Re: [PATCH 6/7] xfs: don't update file system geometry through transaction deltas

"Darrick J. Wong" <djwong@xxxxxxxxxx> · Fri, 11 Oct 2024 16:12:41 -0700

On Fri, Oct 11, 2024 at 02:41:17PM -0400, Brian Foster wrote:
> On Fri, Oct 11, 2024 at 10:13:03AM -0700, Darrick J. Wong wrote:
> > On Fri, Oct 11, 2024 at 10:02:16AM -0400, Brian Foster wrote:
> > > On Fri, Oct 11, 2024 at 09:57:09AM +0200, Christoph Hellwig wrote:
> > > > On Thu, Oct 10, 2024 at 10:05:53AM -0400, Brian Foster wrote:
> > > > > Ok, so we don't want geometry changes transactions in the same CIL
> > > > > checkpoint as alloc related transactions that might depend on the
> > > > > geometry changes. That seems reasonable and on a first pass I have an
> > > > > idea of what this is doing, but the description is kind of vague.
> > > > > Obviously this fixes an issue on the recovery side (since I've tested
> > > > > it), but it's not quite clear to me from the description and/or logic
> > > > > changes how that issue manifests.
> > > > > 
> > > > > Could you elaborate please? For example, is this some kind of race
> > > > > situation between an allocation request and a growfs transaction, where
> > > > > the former perhaps sees a newly added AG between the time the growfs
> > > > > transaction commits (applying the sb deltas) and it actually commits to
> > > > > the log due to being a sync transaction, thus allowing an alloc on a new
> > > > > AG into the same checkpoint that adds the AG?
> > > > 
> > > > This is based on the feedback by Dave on the previous version:
> > > > 
> > > > https://lore.kernel.org/linux-xfs/Zut51Ftv%2F46Oj386@xxxxxxxxxxxxxxxxxxx/
> > > > 
> > > 
> > > Ah, Ok. That all seems reasonably sane to me on a first pass, but I'm
> > > not sure I'd go straight to this change given the situation...
> > > 
> > > > Just doing the perag/in-core sb updates earlier fixes all the issues
> > > > with my test case, so I'm not actually sure how to get more updates
> > > > into the check checkpoint.  I'll try your exercisers if it could hit
> > > > that.
> > > > 
> > > 
> > > Ok, that explains things a bit. My observation is that the first 5
> > > patches or so address the mount failure problem, but from there I'm not
> > > reproducing much difference with or without the final patch.
> > 
> > Does this change to flush the log after committing the new sb fix the
> > recovery problems on older kernels?  I /think/ that's the point of this
> > patch.
> > 
> 
> I don't follow.. growfs always forced the log via the sync transaction,
> right? Or do you mean something else by "change to flush the log?"
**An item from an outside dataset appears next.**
(* Let $(\Omega,\mathcal F,\mathbb P)$ be an atomless probability space, let $X$ and $Y$ be continuously distributed integrable random variables on it, and let $p\in(0,1)$. Then: (i) If $X$ and $Y$ are weakly comonotonic with respect to $\mathcal P^X_p$, and $X$ and $Y$ are weakly antimonotonic with respect to $\mathcal Q^X_p$, then $(X,Y)$ maximizes the $\mathrm{VaR}_p$ aggregation, i.e. $\mathrm{VaR}_p(X+Y)=\max\{\mathrm{VaR}_p(X'+Y'): X'\overset{d}{=}X,\ Y'\overset{d}{=}Y\}$. (ii) $X$ and $Y$ are weakly comonotonic with respect to $\mathcal P^X_p$ if and only if $(X,Y)$ maximizes the $\mathrm{ES}_p$ aggregation, i.e. $\mathrm{ES}_p(X+Y)=\max\{\mathrm{ES}_p(X'+Y'): X'\overset{d}{=}X,\ Y'\overset{d}{=}Y\}$.
   Context: In the maxima, $X',Y'$ range over random variables on $(\Omega,\mathcal F,\mathbb P)$ and $\overset{d}{=}$ denotes equality in distribution. For a random variable $Z$ and $q\in(0,1)$, $\mathrm{VaR}_q(Z)=\inf\{x\in\mathbb R:\mathbb P(Z\le x)>q\}$ and $\mathrm{ES}_q(Z)=\frac1{1-q}\int_q^1\mathrm{VaR}_r(Z)\,\mathrm dr$. Let $A^Z_p=\{\omega: Z(\omega)>\mathrm{VaR}_p(Z)\}$, $\mathcal P^Z_p=\{\delta_\omega\times\delta_{\omega'}:\omega\in A^Z_p,\ \omega'\in(A^Z_p)^c\}$ and $\mathcal Q^Z_p=\{\delta_\omega\times\delta_{\omega'}:\omega,\omega'\in A^Z_p\}$, where $\delta_\omega$ is the point mass at $\omega$. For a set $\mathcal P$ of product probability measures $\pi_1\times\pi_2$ on $(\Omega^2,\mathcal F\otimes\mathcal F)$, $X,Y$ are weakly comonotonic (resp. weakly antimonotonic) with respect to $\mathcal P$ if $\iint_{\Omega^2}(X(\omega)-X(\omega'))(Y(\omega)-Y(\omega'))\,\pi_1(\mathrm d\omega)\pi_2(\mathrm d\omega')\ge0$ (resp. $\le 0$) for every $\pi_1\times\pi_2\in\mathcal P$; for point masses $\delta_\omega\times\delta_{\omega'}$ the integral is $(X(\omega)-X(\omega'))(Y(\omega)-Y(\omega'))$. Random variables that are a.s. equal are identified, so such conditions are understood to hold for some representative versions of $X$ and $Y$. *)

theory Defs
  imports "HOL-Probability.Probability"
begin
I guess I was typing a bit too fast this morning -- "change to flush the
log to disk before anyone else can get their hands on the superblock".
You're right that xfs_log_sb and data-device growfs already do that.
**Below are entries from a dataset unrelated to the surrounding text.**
(* Let $\varphi$ be a SaSTL formula (as defined in the context), let $\omega,\omega'$ be spatio-temporal signals over the same $\mathbb{T}$, $L$ and $X$, and let $t\in\mathbb{T}$, $l\in L$. Write $\|\omega-\omega'\|_\infty=\sup_{t_0\in\mathbb{T},\,l_0\in L,\,x\in X}|\pi_x(\omega)[t_0,l_0]-\pi_x(\omega')[t_0,l_0]|$. If $(\omega,t,l)\models\varphi$ and $\|\omega-\omega'\|_\infty<\rho(\varphi,\omega,t,l)$, then $(\omega',t,l)\models\varphi$.
   Context: Time domain $\mathbb{T}=\mathbb{R}_{\ge 0}$. $L$ is a finite nonempty set of locations. $G=(L,E,\eta)$ is a weighted undirected graph with edge weights $\eta:E\to\mathbb{R}_{\ge0}$; the distance $d(l,l')$ is the minimum, over all paths $\sigma$ between $l$ and $l'$, of $\sum_{e\in\sigma}\eta(e)$ (and $+\infty$ if there is no path). $X=\{x_1,\dots,x_n\}$ is a set of signal variables. A spatio-temporal signal is a function $\omega:\mathbb{T}\times L\to\mathbb{R}^n$; $\pi_{x}(\omega)[t,l]\in\mathbb{R}$ denotes its component for variable $x\in X$ at time $t$ and location $l$. $P$ is a finite set of propositions and $\mathcal{L}:L\to 2^P$ a labeling. Location formulas are $\psi::=\top\mid p\mid\neg\psi\mid\psi\vee\psi$ ($p\in P$), with $\mathcal{L}(l)\models\psi$ defined in the usual propositional way. A spatial domain is $\mathcal{D}=([d_1,d_2],\psi)$ with $0\le d_1\le d_2\le+\infty$. For $l\in L$ let $L^l_{\mathcal{D}}=\{l'\in L: d_1\le d(l,l')\le d_2,\ \mathcal{L}(l')\models\psi\}$. Standing assumption: for every spatial domain $\mathcal{D}$ occurring in the formula and every $l\in L$, $L^l_{\mathcal{D}}\neq\emptyset$. Let $\alpha^x_{\mathcal{D}}(\omega,t,l)$ be the (nonempty, finite) multiset $\{\pi_x(\omega)[t,l'] : l'\in L^l_{\mathcal{D}}\}$, and for $\mathrm{op}\in\{\max,\min,\mathrm{sum},\mathrm{avg}\}$ let $\mathrm{op}(\cdot)$ be its maximum, minimum, sum, or arithmetic mean. SaSTL syntax: $\varphi::= x>c \mid \neg\varphi\mid \varphi_1\wedge\varphi_2\mid\varphi_1\vee\varphi_2\mid \varphi_1\,\mathcal{U}_I\,\varphi_2\mid \mathcal{A}^{\mathrm{op}}_{\mathcal{D}}x>c\mid \mathcal{C}^{\mathrm{op}}_{\mathcal{D}}\varphi>c$, where $x\in X$, $c\in\mathbb{R}$, $I\subseteq\mathbb{R}_{>0}$ is a nonempty interval, $\mathrm{op}\in\{\max,\min,\mathrm{sum},\mathrm{avg}\}$. For counting formulas $\mathcal{C}^{\mathrm{op}}_{\mathcal{D}}\varphi>c$ it is assumed that $0\le c<1$ if $\mathrm{op}\in\{\max,\min,\mathrm{avg}\}$ and $0\le c<|L^l_{\mathcal{D}}|$ for all $l\in L$ if $\mathrm{op}=\mathrm{sum}$. Boolean semantics: $(\omega,t,l)\models x>c$ iff $\pi_x(\omega)[t,l]>c$; $\neg,\wedge,\vee$ as usual; $(\omega,t,l)\models\varphi_1\mathcal{U}_I\varphi_2$ iff there is $t'\in(t+I)\cap\mathbb{T}$ with $(\omega,t',l)\models\varphi_2$ and $(\omega,t'',l)\models\varphi_1$ for all $t''\in(t,t')$ (open interval); $(\omega,t,l)\models\mathcal{A}^{\mathrm{op}}_{\mathcal{D}}x>c$ iff $\mathrm{op}(\alpha^x_{\mathcal{D}}(\omega,t,l))>c$; $(\omega,t,l)\models\mathcal{C}^{\mathrm{op}}_{\mathcal{D}}\varphi>c$ iff $\mathrm{op}(\{g(l'):l'\in L^l_{\mathcal{D}}\})>c$ (multiset), where $g(l')=1$ if $(\omega,t,l')\models\varphi$ and $g(l')=0$ otherwise. Quantitative semantics (robustness, values in $\mathbb{R}\cup\{\pm\infty\}$, with $\inf\emptyset=+\infty$): $\rho(x>c,\omega,t,l)=\pi_x(\omega)[t,l]-c$; $\rho(\neg\varphi)=-\rho(\varphi)$; $\rho(\varphi_1\wedge\varphi_2)=\min\{\rho(\varphi_1),\rho(\varphi_2)\}$; $\rho(\varphi_1\vee\varphi_2)=\max\{\rho(\varphi_1),\rho(\varphi_2)\}$ (all at the same $\omega,t,l$); $\rho(\varphi_1\mathcal{U}_I\varphi_2,\omega,t,l)=\sup_{t'\in(t+I)\cap\mathbb{T}}\min\{\rho(\varphi_2,\omega,t',l),\ \inf_{t''\in(t,t')}\rho(\varphi_1,\omega,t'',l)\}$; $\rho(\mathcal{A}^{\mathrm{sum}}_{\mathcal{D}}x>c,\omega,t,l)=\big(\mathrm{sum}(\alpha^x_{\mathcal{D}}(\omega,t,l))-c\big)/|\alpha^x_{\mathcal{D}}(\omega,t,l)|$ and $\rho(\mathcal{A}^{\mathrm{op}}_{\mathcal{D}}x>c,\omega,t,l)=\mathrm{op}(\alpha^x_{\mathcal{D}}(\omega,t,l))-c$ for $\mathrm{op}\in\{\max,\min,\mathrm{avg}\}$. For counting, let $R=\{\rho(\varphi,\omega,t,l'):l'\in L^l_{\mathcal{D}}\}$ (multiset) and let $\delta(k,R)$ denote the $k$-th largest element of $R$ counted with multiplicity; then $\rho(\mathcal{C}^{\max}_{\mathcal{D}}\varphi>c)=\max R$, $\rho(\mathcal{C}^{\min}_{\mathcal{D}}\varphi>c)=\min R$, $\rho(\mathcal{C}^{\mathrm{sum}}_{\mathcal{D}}\varphi>c)=\delta(\lfloor c\rfloor+1,R)$, $\rho(\mathcal{C}^{\mathrm{avg}}_{\mathcal{D}}\varphi>c)=\delta(\lfloor c\,|L^l_{\mathcal{D}}|\rfloor+1,R)$. *)

theory Defs
  imports Complex_Main "HOL-Library.Multiset" "HOL-Library.Extended_Real"
begin

definition is_walk :: "'l set set \<Rightarrow> 'l list \<Rightarrow> bool" where
  "is_walk E vs \<longleftrightarrow> vs \<noteq> [] \<and> (\<forall>i. Suc i < length vs \<longrightarrow> {vs ! i, vs ! Suc i} \<in> E)"

definition walk_weight :: "('l set \<Rightarrow> real) \<Rightarrow> 'l list \<Rightarrow> real" where
  "walk_weight eta vs = (\<Sum>i<length vs - 1. eta {vs ! i, vs ! Suc i})"

text \<open>Graph distance: minimum total weight over all paths between l and l', +infinity if none.\<close>
definition graph_dist :: "'l set set \<Rightarrow> ('l set \<Rightarrow> real) \<Rightarrow> 'l \<Rightarrow> 'l \<Rightarrow> ereal" where
  "graph_dist E eta l l' =
     (INF vs \<in> {vs. is_walk E vs \<and> hd vs = l \<and> last vs = l'}. ereal (walk_weight eta vs))"

definition undirected_weighted_graph :: "'l set set \<Rightarrow> ('l set \<Rightarrow> real) \<Rightarrow> bool" where
  "undirected_weighted_graph E eta \<longleftrightarrow>
     (\<forall>e\<in>E. \<exists>u v. e = {u, v}) \<and> (\<forall>e\<in>E. eta e \<ge> 0)"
That said, growfsrt **doesn't** call xfs_trans_set_sync, so that's a bug
that this patch fixes, right?

> I thought the main functional change of this patch was to hold the
> superblock buffer locked across the force so nothing else can relog the
> new geometry superblock buffer in the same cil checkpoint. Presumably,
> the theory is that prevents recovery from seeing updates to different
> buffers that depend on the geometry update before the actual sb geometry
> update is recovered (because the latter might have been relogged).
> 
> Maybe we're saying the same thing..? Or maybe I just misunderstand.
> Either way I think patch could use a more detailed commit log...
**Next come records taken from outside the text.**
definition is_additive :: "('o,'m,'z) mdc_scheme \<Rightarrow> bool" where
  "is_additive C \<longleftrightarrow>
     (\<forall>X Y f g. f \<in> hom C X Y \<longrightarrow> g \<in> hom C X Y \<longrightarrow> Addm C f g \<in> hom C X Y) \<and>
     (\<forall>X Y f. f \<in> hom C X Y \<longrightarrow> Negm C f \<in> hom C X Y) \<and>
     (\<forall>X Y. Zerom C X Y \<in> hom C X Y) \<and>
     (\<forall>X Y f g h. f \<in> hom C X Y \<longrightarrow> g \<in> hom C X Y \<longrightarrow> h \<in> hom C X Y \<longrightarrow>
        Addm C (Addm C f g) h = Addm C f (Addm C g h)) \<and>
     (\<forall>X Y f g. f \<in> hom C X Y \<longrightarrow> g \<in> hom C X Y \<longrightarrow> Addm C f g = Addm C g f) \<and>
     (\<forall>X Y f. f \<in> hom C X Y \<longrightarrow> Addm C f (Zerom C X Y) = f) \<and>
     (\<forall>X Y f. f \<in> hom C X Y \<longrightarrow> Addm C f (Negm C f) = Zerom C X Y) \<and>
     (\<forall>X Y Z f f' g. f \<in> hom C X Y \<longrightarrow> f' \<in> hom C X Y \<longrightarrow> g \<in> hom C Y Z \<longrightarrow>
        Cmp C g (Addm C f f') = Addm C (Cmp C g f) (Cmp C g f')) \<and>
     (\<forall>X Y Z f g g'. f \<in> hom C X Y \<longrightarrow> g \<in> hom C Y Z \<longrightarrow> g' \<in> hom C Y Z \<longrightarrow>
        Cmp C (Addm C g g') f = Addm C (Cmp C g f) (Cmp C g' f)) \<and>
     (\<exists>Z. is_zero_obj C Z) \<and>
     (\<forall>X Y. \<exists>P i1 i2 p1 p2. i1 \<in> hom C X P \<and> i2 \<in> hom C Y P \<and> p1 \<in> hom C P X \<and> p2 \<in> hom C P Y \<and>
        Cmp C p1 i1 = Idm C X \<and> Cmp C p2 i2 = Idm C Y \<and>
        Cmp C p2 i1 = Zerom C X Y \<and> Cmp C p1 i2 = Zerom C Y X \<and>
        Addm C (Cmp C i1 p1) (Cmp C i2 p2) = Idm C P)"

definition is_shift :: "('o,'m,'z) mdc_scheme \<Rightarrow> bool" where
  "is_shift C \<longleftrightarrow>
     (\<forall>X Y f. f \<in> hom C X Y \<longrightarrow> ShM C f \<in> hom C (Sh C X) (Sh C Y)) \<and>
     (\<forall>X. ShM C (Idm C X) = Idm C (Sh C X)) \<and>
     (\<forall>X Y Z f g. f \<in> hom C X Y \<longrightarrow> g \<in> hom C Y Z \<longrightarrow> ShM C (Cmp C g f) = Cmp C (ShM C g) (ShM C f)) \<and>
     (\<forall>X Y f g. f \<in> hom C X Y \<longrightarrow> g \<in> hom C X Y \<longrightarrow> ShM C (Addm C f g) = Addm C (ShM C f) (ShM C g)) \<and>
     (\<forall>X Y. bij_betw (ShM C) (hom C X Y) (hom C (Sh C X) (Sh C Y))) \<and>
     (\<forall>Y. \<exists>X u. u \<in> hom C (Sh C X) Y \<and> iso C u)"

definition is_triangulated :: "('o,'m,'z) mdc_scheme \<Rightarrow> bool" where
  "is_triangulated C \<longleftrightarrow>
     is_category C \<and> is_additive C \<and> is_shift C \<and>
     \<comment> \<open>shape of triangles\<close>
     (\<forall>f g h. Dtri C f g h \<longrightarrow> (\<exists>X Y Z. f \<in> hom C X Y \<and> g \<in> hom C Y Z \<and> h \<in> hom C Z (Sh C X))) \<and>
     \<comment> \<open>TR1: closure under isomorphism of triangles\<close>
     (\<forall>X Y Z X' Y' Z' f g h f' g' h' u v w.
        Dtri C f g h \<and> f \<in> hom C X Y \<and> g \<in> hom C Y Z \<and> h \<in> hom C Z (Sh C X) \<and>
        f' \<in> hom C X' Y' \<and> g' \<in> hom C Y' Z' \<and> h' \<in> hom C Z' (Sh C X') \<and>
        u \<in> hom C X X' \<and> v \<in> hom C Y Y' \<and> w \<in> hom C Z Z' \<and> iso C u \<and> iso C v \<and> iso C w \<and>
        Cmp C v f = Cmp C f' u \<and> Cmp C w g = Cmp C g' v \<and> Cmp C (ShM C u) h = Cmp C h' w
        \<longrightarrow> Dtri C f' g' h') \<and>
     \<comment> \<open>TR1: X -id-> X -> 0 -> Sh X is distinguished\<close>
     (\<forall>X Z. is_zero_obj C Z \<longrightarrow> Dtri C (Idm C X) (Zerom C X Z) (Zerom C Z (Sh C X))) \<and>
     \<comment> \<open>TR1: every morphism extends to a distinguished triangle\<close>
     (\<forall>X Y f. f \<in> hom C X Y \<longrightarrow> (\<exists>Z g h. g \<in> hom C Y Z \<and> h \<in> hom C Z (Sh C X) \<and> Dtri C f g h)) \<and>
     \<comment> \<open>TR2: rotation\<close>
     (\<forall>f g h. Dtri C f g h \<longleftrightarrow> Dtri C g h (Negm C (ShM C f))) \<and>
     \<comment> \<open>TR3: morphisms of triangles\<close>
     (\<forall>X Y Z X' Y' Z' f g h f' g' h' u v.
        Dtri C f g h \<and> f \<in> hom C X Y \<and> g \<in> hom C Y Z \<and> h \<in> hom C Z (Sh C X) \<and>
        Dtri C f' g' h' \<and> f' \<in> hom C X' Y' \<and> g' \<in> hom C Y' Z' \<and> h' \<in> hom C Z' (Sh C X') \<and>
        u \<in> hom C X X' \<and> v \<in> hom C Y Y' \<and> Cmp C v f = Cmp C f' u
        \<longrightarrow> (\<exists>w. w \<in> hom C Z Z' \<and> Cmp C w g = Cmp C g' v \<and> Cmp C (ShM C u) h = Cmp C h' w)) \<and>
     \<comment> \<open>TR4: octahedral axiom\<close>
     (\<forall>X Y Z Z' X' Y' f g f1 f2 g1 g2 h1 h2.
        f \<in> hom C X Y \<and> g \<in> hom C Y Z \<and>
        f1 \<in> hom C Y Z' \<and> f2 \<in> hom C Z' (Sh C X) \<and> Dtri C f f1 f2 \<and>
        g1 \<in> hom C Z X' \<and> g2 \<in> hom C X' (Sh C Y) \<and> Dtri C g g1 g2 \<and>
        h1 \<in> hom C Z Y' \<and> h2 \<in> hom C Y' (Sh C X) \<and> Dtri C (Cmp C g f) h1 h2
        \<longrightarrow> (\<exists>u v. u \<in> hom C Z' Y' \<and> v \<in> hom C Y' X' \<and>
               Dtri C u v (Cmp C (ShM C f1) g2) \<and>
               Cmp C u f1 = Cmp C h1 g \<and> Cmp C h2 u = f2 \<and>
               Cmp C v h1 = g1 \<and> Cmp C g2 v = Cmp C (ShM C f) h2))"

definition is_monoidal :: "('o,'m,'z) mdc_scheme \<Rightarrow> bool" where
  "is_monoidal C \<longleftrightarrow>
     (\<forall>X Y X' Y' f g. f \<in> hom C X Y \<longrightarrow> g \<in> hom C X' Y' \<longrightarrow>
        TenM C f g \<in> hom C (Ten C X X') (Ten C Y Y')) \<and>
     (\<forall>X Y. TenM C (Idm C X) (Idm C Y) = Idm C (Ten C X Y)) \<and>
     (\<forall>X Y Z X' Y' Z' f g f' g'. f \<in> hom C X Y \<longrightarrow> g \<in> hom C Y Z \<longrightarrow>
        f' \<in> hom C X' Y' \<longrightarrow> g' \<in> hom C Y' Z' \<longrightarrow>
        TenM C (Cmp C g f) (Cmp C g' f') = Cmp C (TenM C g g') (TenM C f f')) \<and>
     (\<forall>X Y Z. Asc C X Y Z \<in> hom C (Ten C (Ten C X Y) Z) (Ten C X (Ten C Y Z)) \<and> iso C (Asc C X Y Z)) \<and>
     (\<forall>X. Lu C X \<in> hom C (Ten C (One C) X) X \<and> iso C (Lu C X)) \<and>
     (\<forall>X. Ru C X \<in> hom C (Ten C X (One C)) X \<and> iso C (Ru C X)) \<and>
     (\<forall>X Y Z X' Y' Z' f g h. f \<in> hom C X X' \<longrightarrow> g \<in> hom C Y Y' \<longrightarrow> h \<in> hom C Z Z' \<longrightarrow>
        Cmp C (Asc C X' Y' Z') (TenM C (TenM C f g) h) = Cmp C (TenM C f (TenM C g h)) (Asc C X Y Z)) \<and>
     (\<forall>X Y f. f \<in> hom C X Y \<longrightarrow> Cmp C (Lu C Y) (TenM C (Idm C (One C)) f) = Cmp C f (Lu C X)) \<and>
     (\<forall>X Y f. f \<in> hom C X Y \<longrightarrow> Cmp C (Ru C Y) (TenM C f (Idm C (One C))) = Cmp C f (Ru C X)) \<and>
     \<comment> \<open>pentagon\<close>
     (\<forall>W X Y Z.
        Cmp C (Asc C W X (Ten C Y Z)) (Asc C (Ten C W X) Y Z) =
        Cmp C (TenM C (Idm C W) (Asc C X Y Z))
          (Cmp C (Asc C W (Ten C X Y) Z) (TenM C (Asc C W X Y) (Idm C Z)))) \<and>
     \<comment> \<open>triangle\<close>
     (\<forall>X Y. Cmp C (TenM C (Idm C X) (Lu C Y)) (Asc C X (One C) Y) = TenM C (Ru C X) (Idm C Y))"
<nod> The commit message should point out that we're fixing a real bug
here, which is that growfsrt doesn't force the log to disk when it
commits the new rt geometry.

> > >                                                              Either way,
> > > I see aborts and splats all over the place, which implies at minimum
> > > this isn't the only issue here.
> > 
> > Ugh.  I've recently noticed the long soak logrecovery test vm have seen
> > a slight tick up in failure rates -- random blocks that have clearly had
> > garbage written to them such that recovery tries to read the block to
> > recover a buffer log item and kaboom.  At this point it's unclear if
> > that's a problem with xfs or somewhere else. :(
> > 
> > > So given that 1. growfs recovery seems pretty much broken, 2. this
> > > particular patch has no straightforward way to test that it fixes
> > > something and at the same time doesn't break anything else, and 3. we do
> > 
> > I'm curious, what might break?  Was that merely a general comment, or do
> > you have something specific in mind?  (iows: do you see more string to
> > pull? :))
> > 
> 
> Just a general comment..
> 
> Something related that isn't totally clear to me is what about the
> inverse shrink situation where dblocks is reduced. I.e., is there some
> similar scenario where for example instead of the sb buffer being
> relogged past some other buffer update that depends on it, some other
> change is relogged past a sb update that invalidates/removes blocks
> referenced by the relogged buffer..? If so, does that imply a shrink
> should flush the log before the shrink transaction commits to ensure it
> lands in a new checkpoint (as opposed to ensuring followon updates land
> in a new checkpoint)..?

I think so.  Might we want to do that before and after to be careful?

> Anyways, my point is just that if it were me I wouldn't get too deep
> into this until some of the reproducible growfs recovery issues are at
> least characterized and testing is more sorted out.
> 
> The context for testing is here [1]. The TLDR is basically that
> Christoph has a targeted test that reproduces the initial mount failure
> and I hacked up a more general test that also reproduces it and
> additional growfs recovery problems. This test does seem to confirm that
> the previous patches address the mount failure issue, but this patch
> doesn't seem to prevent any of the other problems produced by the
> generic test. That might just mean the test doesn't reproduce what this
> fixes, but it's kind of hard to at least regression test something like
> this when basic growfs crash-recovery seems pretty much broken.

Hmm, if you make a variant of that test which formats with an rt device
and -d rtinherit=1 and then runs xfs_growfs -R instead of -D, do you see
similar blowups?  Let's see what happens if I do that...

--D

> Brian
> 
> [1] https://lore.kernel.org/fstests/ZwVdtXUSwEXRpcuQ@bfoster/
> 
> > > have at least one fairly straightforward growfs/recovery test in the
> > > works that reliably explodes, personally I'd suggest to split this work
> > > off into separate series.
> > > 
> > > It seems reasonable enough to me to get patches 1-5 in asap once they're
> > > fully cleaned up, and then leave the next two as part of a followon
> > > series pending further investigation into these other issues. As part of
> > > that I'd like to know whether the recovery test reproduces (or can be
> > > made to reproduce) the issue this patch presumably fixes, but I'd also
> > > settle for "the grow recovery test now passes reliably and this doesn't
> > > regress it." But once again, just my .02.
> > 
> > Yeah, it's too bad there's no good way to test recovery with older
> > kernels either. :(
> > 
> > --D
> > 
> > > Brian
> > > 
> > > 
> > 
> 
>